A multibyte character is a character composed of sequences of one or more bytes. Each byte sequence represents a single character in the extended character set. Multibyte characters are used in character sets such as Kanji.

Wide characters are multilingual character codes that are always 16 bits wide. The type for character constants is char; for wide characters, the type is wchar_t. Since wide characters are always a fixed size, using wide characters simplifies programming with international character sets.

The wide-character-string literal L"hello" becomes an array of six integers of type wchar_t.

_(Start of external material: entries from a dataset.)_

(* Let $T$ be a positive odd integer and let $q\in\mathbb{C}$ with $|q|<1$. For $u\in\mathbb{C}$ define \[ \mathcal{M}_T(u,q) := \frac{1-e^{2 \pi i u}}{(q)_\infty}\sum_{n \in \mathbb{Z}}(-1)^{n}\frac{q^{\frac{n}{2}(Tn+1)}}{1-e^{2 \pi i u}q^n}\] (as a function of $u$ near $0$; the singularity at $u=0$ of the $n=0$ term is removable). Then for every integer $r>0$, the coefficient of $\frac{(2\pi i u)^r}{r!}$ in the Taylor expansion of $u\mapsto \mathcal{M}_T(u,q)$ at $u=0$ equals \[ M_T^r(q)=\sum_{n =0}^\infty m_T^r(n) q^n.\]
   Context: $(q)_\infty:=\prod_{k=1}^\infty(1-q^k)$. For a positive odd integer $T$, integers $m$ and $n\ge0$, the numbers $N_T(m,n)$ are defined by \[ \sum_{n=0}^\infty N_T(m,n)q^n=\frac{1}{(q)_\infty} \sum_{n=1}^\infty (-1)^{n-1}q^{\frac{n}{2}(Tn-1)+|m|n}(1-q^n),\] and for a positive integer $r$, $m^r_T(n):=\sum_{m=-n}^n m^r N_T(m,n)$. *)

theory Defs
  imports "HOL-Complex_Analysis.Complex_Analysis" "HOL-Computational_Algebra.Formal_Power_Series"
begin

text \<open>(q)_infinity as a formal power series: its k-th coefficient equals the k-th
  coefficient of the finite product over j = 1..k of (1 - q^j).\<close>
definition qpoch_fps :: "real fps" where
  "qpoch_fps = Abs_fps (\<lambda>k. fps_nth (\<Prod>j\<in>{1..k}. 1 - fps_X ^ j) k)"

text \<open>The series sum over n >= 1 of (-1)^(n-1) q^(n(Tn-1)/2 + |m| n) (1 - q^n).
  Exponents are at least n - 1, so only n <= k+1 contribute to the coefficient of q^k.\<close>
definition NT_series :: "nat \<Rightarrow> int \<Rightarrow> real fps" where
  "NT_series T m = Abs_fps (\<lambda>k. \<Sum>n\<in>{1..k+1}. (-1) ^ (n - 1) *
      ((if k = n * (T * n - 1) div 2 + nat \<bar>m\<bar> * n then 1 else 0)
     - (if k = n * (T * n - 1) div 2 + nat \<bar>m\<bar> * n + n then 1 else 0)))"

definition N_T :: "nat \<Rightarrow> int \<Rightarrow> nat \<Rightarrow> real" where
  "N_T T m n = fps_nth (inverse qpoch_fps * NT_series T m) n"

definition m_T :: "nat \<Rightarrow> nat \<Rightarrow> nat \<Rightarrow> real" where
  "m_T T r n = (\<Sum>m\<in>{- int n..int n}. of_int m ^ r * N_T T m n)"

definition M_T :: "nat \<Rightarrow> nat \<Rightarrow> complex \<Rightarrow> complex" where
  "M_T T r q = (\<Sum>n. complex_of_real (m_T T r n) * q ^ n)"

definition scriptM :: "nat \<Rightarrow> complex \<Rightarrow> complex \<Rightarrow> complex" where
  "scriptM T q u = (1 - exp (2 * pi * \<i> * u)) / prodinf (\<lambda>k. 1 - q ^ (k + 1)) *
     (\<Sum>\<^sub>\<infinity>n::int. (-1) ^ nat \<bar>n\<bar> * q ^ nat (n * (int T * n + 1) div 2)
        / (1 - exp (2 * pi * \<i> * u) * q powi n))"

end

theory Submission
  imports Defs
begin

text \<open>Write \<open>\<zeta> = e^(2\<pi>iu)\<close>. Expanding every \<open>1/(1 - \<zeta> q^n)\<close> into a geometric series and summing
  the resulting absolutely convergent double series the other way round gives the partial fraction
  identity
    \<open>(1 - \<zeta>) \<Sum>_n (-1)^n q^(n(Tn+1)/2) / (1 - \<zeta> q^n) = c + \<Sum>_(m \<ge> 1) (\<zeta>^m + \<zeta>^(-m)) F_m(q)\<close>,
  where \<open>F_m(q) = \<Sum>_(n \<ge> 1) (-1)^(n-1) q^(n(Tn-1)/2 + mn) (1 - q^n)\<close> is \<open>(q)_\<infinity>\<close> times the generating
  function of \<open>N_T(m, n)\<close>. So near \<open>u = 0\<close> the function \<open>\<M>_T(u, q)\<close> is a cosine series
  \<open>\<Sum>_m K_m (e^(2\<pi>imu) + e^(-2\<pi>imu))\<close> with geometrically decaying coefficients
  \<open>K_m = F_m(q) / (q)_\<infinity>\<close> (\<open>m \<ge> 1\<close>). It may be differentiated term by term, and its \<open>r\<close>-th derivative
  at \<open>0\<close> is \<open>(2\<pi>i)^r \<Sum>_(m \<ge> 1) (m^r + (-m)^r) F_m(q) / (q)_\<infinity>\<close>. Reordering the triple series over
  \<open>m\<close>, \<open>n\<close> and the two monomials of \<open>1 - q^n\<close> by exponents identifies this with \<open>(2\<pi>i)^r M_T^r(q)\<close>.\<close>

unbundle no vec_syntax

{L'h', L'e', L'l', L'l', L'o', 0}

The Unicode specification is the developing specification for wide characters. The run-time library routines for translating between multibyte and wide multibyte characters include mblen, mbstowcs, mbtowc, wcstombs, and wctomb.

Trigraphs

The source character set of C source programs is contained within the 7-bit ASCII character set but is a superset of the ISO 646-1983 Invariant Code Set. Trigraph sequences allow C programs to be written using only the ISO (International Standards Organization) Invariant Code Set. Trigraphs are sequences of three characters (introduced by two consecutive question marks) that the compiler replaces with their corresponding punctuation characters. You can use trigraphs in C source files with a character set that does not contain convenient graphic representations for some punctuation characters.

Table 1.1 shows the nine trigraph sequences. All occurrences in a source file of the punctuation characters in the first column are replaced with the corresponding character in the second column.

Table 1.1 Trigraph Sequences


Trigraph
Punctuation
Character

??= #
??( [
??/ \
??) ]
??' ^
??< {

Table 1.1 Trigraph Sequences (continued)


Trigraph
Punctuation
Character

??! |
??> }
??- ~

A trigraph is always treated as a single source character. The translation of trigraphs takes place in the first translation phase, before the recognition of escape characters in string literals and character constants. (See topic for information about translation phases.) Only the nine trigraphs shown in Table 1.1 are recognized. All other character sequences are left untranslated.

The character escape sequence, \?, prevents the misinterpretation of trigraph-like character sequences. (See topic for information about escape sequences.) For example, if you attempt to print the string What??! with this printf statement

printf( "What??!\n" );

the string printed is What| because ??! is a trigraph sequence that is replaced with the | character. You need to write the statement as follows to correctly print the string:

printf( "What?\?!\n" );

In this printf statement, a backslash escape character in front of the second question mark prevents the misinterpretation of ??! as a trigraph.